Thursday, February 19, 2009

PostgreSQL C Function Debugging

As of late I have been becoming more and more interested in PostgreSQL(pg). I have a few high level reasons for this interest. One the economy is down and it seems of value to learn about a full featured 100% free database. You never know when a database like pg might fill in a business need that would of been filled with an expensive proprietary database when the economy is strong. It's also got a nice set of features and a really great/smart/geeky community to help and support you.

This post will only focus on creating and debugging a c function that you can create in pg.

To read up on what has already been typed up on the nitty gritty of pg check out these links.
General all encompassing ->http://www.postgresql.org/docs/8.3/interactive/index.html
Stored Functions in c ->http://www.postgresql.org/docs/8.3/interactive/xfunc-c.html

I run my pg server on old desktop pc hardware. The CPU is 800MHZ and there is one gig of ram. The box is running FreeBSD 7.0 32-bit. Pg is version 8.3.5.

Here is my super simple and almost pointless C function that I used to grasp the basics creating and debugging a c function in pg.
/* foo.c*/
#include "postgres.h"
#include
#include "fmgr.h"

#ifdef PG_MODULE_MAGIC
PG_MODULE_MAGIC;
#endif

PG_FUNCTION_INFO_V1(c_loop);

Datum
c_loop(PG_FUNCTION_ARGS)
{
int32 arg = PG_GETARG_INT32(0);
while (arg >= 0)
{
arg--;
}

PG_RETURN_INT32(arg);
}

To create a c function and compile it follow the steps I have outlined bellow.

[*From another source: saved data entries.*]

lemma sum_list_outer_frob_null_decomposition:
  fixes G :: "real^'m^'m"
  assumes "(\<Sum>v\<leftarrow>ps. frob G (outer v)) = 0"
  shows "\<exists>qs. sum_list (map outer qs) = sum_list (map outer ps) \<and> (\<forall>q\<in>set qs. frob G (outer q) = 0)"
  using assms
proof (induction "length ps" arbitrary: ps rule: less_induct)
  case less
  let ?\<phi> = "\<lambda>v. frob G (outer v)"
  show ?case
  proof (cases ps)
    case Nil
    then show ?thesis
      by (intro exI[of _ "[]"]) simp
  next
    case (Cons p rest)
    show ?thesis
    proof (cases "?\<phi> p = 0")
      case True
      then obtain qs where "sum_list (map outer qs) = sum_list (map outer rest)"
        "\<forall>q\<in>set qs. ?\<phi> q = 0"
        using less Cons by auto
      then show ?thesis
        using True Cons by (intro exI[of _ "p # qs"]) simp
    next
      case False
      obtain q where "q \<in> set rest" and pq: "?\<phi> p * ?\<phi> q < 0"
        using sum_list_eq_0_opposite_sign[of ?\<phi> p rest] less.prems Cons False by auto
      then obtain r1 r2 where rest: "rest = r1 @ q # r2"
        by (meson split_list)
      obtain v w where vw: "outer v + outer w = outer p + outer q" and v: "?\<phi> v = 0"
        using outer_pair_rotate_to_null[OF pq] by blast
      have "?\<phi> w = ?\<phi> p + ?\<phi> q"
        using arg_cong[OF vw, of "frob G"] v by (simp add: frob_add)
      then have "(\<Sum>v\<leftarrow>w # r1 @ r2. ?\<phi> v) = 0"
        using less.prems Cons rest by simp
      then obtain qs where qs: "sum_list (map outer qs) = sum_list (map outer (w # r1 @ r2))"
        "\<forall>q\<in>set qs. ?\<phi> q = 0"
        using less.hyps[of "w # r1 @ r2"] Cons rest by auto
      have "sum_list (map outer (v # qs)) = sum_list (map outer ps)"
        using qs(1) vw Cons rest by (simp add: algebra_simps)
      then show ?thesis
        using qs(2) v by (intro exI[of _ "v # qs"]) simp
    qed
  qed
qed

Prerequisites for how I did this:
  1. Pg server compiled with --enable-debug (NOT 100% sure if this is needed yet need to double check)
  2. The pg server up and running and you are able to connect to it.
  3. Make sure you have the pg source code on the same machine you are compiling on. To compile your c function you need some of the pg source code. I'm doing all my compiles on FreeBSD 7.0 so if you are using another OS look here http://www.postgresql.org/docs/8.3/interactive/xfunc-c.html in section titled 34.9.6. Compiling and Linking Dynamically-Loaded Functions.
  4. I'm logged in as the postgres UNIX account when creating my file and compiling. I'm also logged in as the postgres account when connecting to the database via psql command line tool.
  5. You have a c compiler and gdb installed.
Steps to compile and debug:
  1. Copy the code above into file foo.c and save it.
  2. Compile foo.c with debug symbols by adding the -g option. For example on FreeBSD you do this gcc -g -fpic -c foo.c -I/usr/home/postgres/src/include and then gcc -g -shared -o foo.so foo.o. You shouldn't get any errors if all goes well.
  3. Make sure your foo.so is in a location that the pg server can see. If postgres is the account running the server which most likely it will be make sure you put the file in a location that postgres has access to. I put mine in a directory that postgres owns full rights to.
  4. Execute the following from psql.
    CREATE FUNCTION public.c_loop(integer) RETURNS integer
    AS '/usr/home/postgres/foo', 'c_loop' /*Change to point to your foo file location*/
    LANGUAGE C STRICT;
    This creates a stored function in the database that we can call via SQL to invoke our C function.
  5. To make sure all is well with our new database function execute select public.c_loop(10); from psql. It should execute to completion and return -1.
  6. Now onto the debugging. Log into psql and LOAD the C function like this -> load '/usr/home/postgres/foo'; This will cause the pg server to load the object so we can debug it.
  7. Find the back end process that you are connected to in psql by running select pg_backend_pid(); while in the same psql session.
  8. Open another terminal session and run gdb for the pid returned from step 7 like this -> gdb /usr/local/pgsql/bin/postgres 27069
  9. Now from the gdb session you started in step 8 set a break point in the c function by typing -> b c_loop
  10. Now type continue or cont
  11. Go back to your psql session and execute the function via SQL like this -> SELECT public.c_loop(10);
  12. Go back to your gdb session and check that you hit the break point. You can now step through the C function in gdb. Type s and hit enter and you should be stepping through the code.
You now have a high performance stored function language that you can depend on for computational intensive needs and the added bonus of being able to debug the code with a debugger. Not bad for all of this being free. Feel free to ask questions and I can try and answer them.